Jules Rimet, another Frenchman who founded the World Cup in 1930, was a bit more idealistic. He thought a sports culture would direct the world towards "peaceful protest in the stadium, where foundational violence is submitted to discipline and the rules of the game, loyal and wise, and where the benefits of victory are limited to the wild joy of winning". He must have been disappointed a few years later when WWII broke out.
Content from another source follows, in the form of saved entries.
(* Let $\zeta\in M_1^{n-1}$ and let $I:\mathrm{Conv}_{\mathrm{coe}}^{(n)}(\mathbb{R}^n)\to\mathrm{Conv}_{\mathrm{coe}}^{(n)}(\mathbb{R}^n)$ satisfy $\delta_{\zeta,1}(I(u),I(v))=\delta_{\zeta,1}(u,v)$ for all $u,v$. Let $\phi\in GL(n)$ and $x_0\in\mathbb{R}^n$ be such that $\mathrm{dom}\,I(\mathrm{I}^\infty_K+t)=\phi K+x_0$ for every convex body $K$ with non-empty interior and every $t\in\mathbb{R}$. Then $f(t)=\zeta^{-1}(\zeta(t)/|\det\phi|)$ is well-defined for every $t\in\mathbb{R}$, and $I(\mathrm{I}^\infty_K+t)=\mathrm{I}^\infty_{\phi K+x_0}+f(t)$ for every convex body $K$ with non-empty interior and every $t\in\mathbb{R}$.
   Context: $\mathrm{Conv}_{\mathrm{coe}}^{(n)}(\mathbb{R}^n)$ is the set of proper, lower semicontinuous, convex, coercive $u:\mathbb{R}^n\to\mathbb{R}\cup\{+\infty\}$ with $n$-dimensional domain. $M_1^{n-1}$ is the set of continuous, strictly decreasing $\zeta:\mathbb{R}\to(0,\infty)$ with $\int_0^\infty\zeta(t)t^{n-1}dt<\infty$. $\delta_{\zeta,1}(u,v)=\int_{\mathbb{R}^n}|\zeta(u(x))-\zeta(v(x))|dx$, with $\zeta(+\infty):=0$. $\mathrm{I}^\infty_K$ is $0$ on $K$ and $+\infty$ outside. *)

theory Defs
  imports "HOL-Analysis.Analysis"
begin

(* Functions R^n -> R \<union> {+\<infinity>} are modelled as ereal-valued functions that never take -\<infinity>. *)

definition edom :: "('a \<Rightarrow> ereal) \<Rightarrow> 'a set" where
  "edom u = {x. u x < \<infinity>}"

definition econvex :: "('a::real_vector \<Rightarrow> ereal) \<Rightarrow> bool" where
  "econvex u \<longleftrightarrow> (\<forall>x y t. 0 \<le> t \<and> t \<le> 1 \<longrightarrow>
      u ((1 - t) *\<^sub>R x + t *\<^sub>R y) \<le> ereal (1 - t) * u x + ereal t * u y)"

definition elsc :: "('a::topological_space \<Rightarrow> ereal) \<Rightarrow> bool" where
  "elsc u \<longleftrightarrow> (\<forall>c. closed {x. u x \<le> c})"

definition Conv_coe :: "(real^'n \<Rightarrow> ereal) set" where
  "Conv_coe = {u. (\<forall>x. u x \<noteq> -\<infinity>) \<and> edom u \<noteq> {} \<and> elsc u \<and> econvex u
       \<and> (u \<longlongrightarrow> \<infinity>) at_infinity \<and> aff_dim (edom u) = int CARD('n)}"

definition M1 :: "nat \<Rightarrow> (real \<Rightarrow> real) set" where
  "M1 n = {\<zeta>. continuous_on UNIV \<zeta> \<and> (\<forall>s t. s < t \<longrightarrow> \<zeta> t < \<zeta> s) \<and> (\<forall>t. \<zeta> t > 0)
       \<and> set_integrable lborel {0..} (\<lambda>t. \<zeta> t * t ^ n)}"

definition zeta_ext :: "(real \<Rightarrow> real) \<Rightarrow> ereal \<Rightarrow> real" where
  "zeta_ext \<zeta> v = (case v of ereal r \<Rightarrow> \<zeta> r | _ \<Rightarrow> 0)"

definition delta_zeta1 :: "(real \<Rightarrow> real) \<Rightarrow> (real^'n \<Rightarrow> ereal) \<Rightarrow> (real^'n \<Rightarrow> ereal) \<Rightarrow> ennreal" where
  "delta_zeta1 \<zeta> u v = (\<integral>\<^sup>+ x. ennreal \<bar>zeta_ext \<zeta> (u x) - zeta_ext \<zeta> (v x)\<bar> \<partial>lborel)"

definition ind_inf :: "'a set \<Rightarrow> 'a \<Rightarrow> ereal" where
  "ind_inf K x = (if x \<in> K then 0 else \<infinity>)"

end

theory Submission
  imports Defs
begin

(* Fix a convex body K and t \<in> \<real>, and let u = I(I\<^sup>\<infinity>\<^sub>K + t), D = \<phi>K + x0 = dom u and
   c = \<zeta>(t) / |det \<phi>|. Since delta_zeta1 of two functions with disjoint domains is the sum of
   their \<zeta>-integrals, comparing I\<^sup>\<infinity>\<^sub>K + t with indicators of bodies disjoint from K gives
   \<integral> \<zeta>\<circ>u = \<zeta>(t) |K| = c |D|, and comparing it with I\<^sup>\<infinity>\<^sub>L + t for small balls L \<subseteq> K shows
   that \<zeta>\<circ>u has mean at least c on every \<phi>L + x0. Lower semicontinuity of u together with
   continuity and monotonicity of \<zeta> turns this into \<zeta>\<circ>u \<ge> c on the interior of D, so
   \<zeta>\<circ>u = c almost everywhere on D and c is a value of \<zeta>. Convexity and lower semicontinuity
   of u finally make u equal to \<zeta>\<^sup>-\<^sup>1(c) everywhere on D. *)

section \<open>Volume of linear images\<close>

lemma sign_conj_bij:
  fixes \<sigma> :: "'m \<Rightarrow> 'n::finite"
  assumes "bij \<sigma>" "p permutes UNIV"
  shows "sign (inv \<sigma> \<circ> p \<circ> \<sigma>) = sign p"
proof -
  have "map_permutation UNIV (inv \<sigma>) p = inv \<sigma> \<circ> p \<circ> \<sigma>"
    using assms(1) by (simp add: map_permutation_def restrict_id_def inv_inv_eq bij_is_surj
        bij_imp_bij_inv bij_is_inj surj_imp_inv_eq fun_eq_iff)
  then show ?thesis
    using sign_map_permutation[OF _ assms(2), of "inv \<sigma>"] assms(1)
    by (simp add: bij_imp_bij_inv bij_is_inj)
qed
(* Let $L>0$, $h^*>0$, $g>0$, $\mu>0$, $\sigma>0$ and $\bar\kappa\ge 0$ be constants, let $c=\sqrt{gh^*}$, and let $\bar S=\{\varphi\in H^2(0,L):\varphi'(0)=\varphi'(L)=0\}$. There exist constants $\bar M,\bar\lambda,\Gamma>0$ such that for every $f\in C^0(\mathbb{R}_+)$ and every function $$\varphi\in C^0(\mathbb{R}_+;\bar S\cap H^4(0,L))\cap C^1(\mathbb{R}_+;\bar S)\cap C^2(\mathbb{R}_+;L^2(0,L))$$ that satisfies for all $t\ge0$ $$\varphi_{tt}=c^2\varphi_{xx}-\sigma h^*\varphi_{xxxx}+\mu\varphi_{txx}-\bar\kappa\varphi_t \ \text{ on } (0,L),$$ $$\varphi_x(t,0)=\varphi_x(t,L)=0,\qquad \varphi_{xxx}(t,0)=\varphi_{xxx}(t,L)=-\sigma^{-1}f(t),$$ $$\int_0^L\varphi(t,x)\,dx=\int_0^L\varphi_t(t,x)\,dx=0,$$ the following estimate holds for all $t\ge 0$: $$P(t)\le \bar M\exp(-\bar\lambda t)P(0)+\Gamma\max_{0\le s\le t}\big(\exp(-\bar\lambda(t-s))|f(s)|\big),$$ where $P(t):=\big(\|\varphi[t]\|_2^2+\|\varphi_x[t]\|_2^2+\|\varphi_{xx}[t]\|_2^2+\|\varphi_t[t]\|_2^2\big)^{1/2}$.
   Context: $\mathbb{R}_+=[0,+\infty)$. For a function $\varphi$ of $(t,x)$, $\varphi[t]$ denotes the profile $x\mapsto\varphi(t,x)$, and $\|\cdot\|_2$ is the $L^2(0,L)$ norm. For a normed space $Y$, $C^k(\mathbb{R}_+;Y)$ denotes $k$-times continuously differentiable maps $\mathbb{R}_+\to Y$; time derivatives (and mixed derivatives) are understood as derivatives of the maps $t\mapsto\varphi[t]$ (resp. $t\mapsto\varphi_{xx}[t]$) in the corresponding function spaces; $x$-derivatives are weak spatial derivatives. $H^k(0,L)$ is the usual Sobolev space. *)

theory Defs
  imports "HOL-Analysis.Analysis"
begin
Today, many of the best French players are from sub-Saharan Africa but at one time there were a number of top players from Algeria. Dubois goes into the difficulties those players faced during the Algerian struggle for independence and describes the use of football as a political weapon and the sensational boycott organised by the independence movement, the Front de Libération Nationale, FLN, just before the 1958 World Cup. In a secret coup just before the tournament, nine top players slipped quietly out of France and said they preferred to play for the new FLN Algerian team. Two star players were Mustapha Zitouni, cornerstone of the French team, and Rachid Mekloufi, doing his military service and captain of the French army team. The football mad French public was deeply shocked. France lost in the semi-finals to the eventual winners Brazil 5-2 and beat West Germany for third place. We shall never know if they could have beaten Brazil with Zitouni on the team.
Rimet's baby has grown and grown and is now the biggest sporting event in the world. It has always had a rather Eurocentric tinge. Initially things were so arranged that only one team from either Asia or Africa could compete and it is still true that it is a more difficult for African teams to qualify than their European rivals. Egypt may have to wait a while till the football world makes a tad more sense.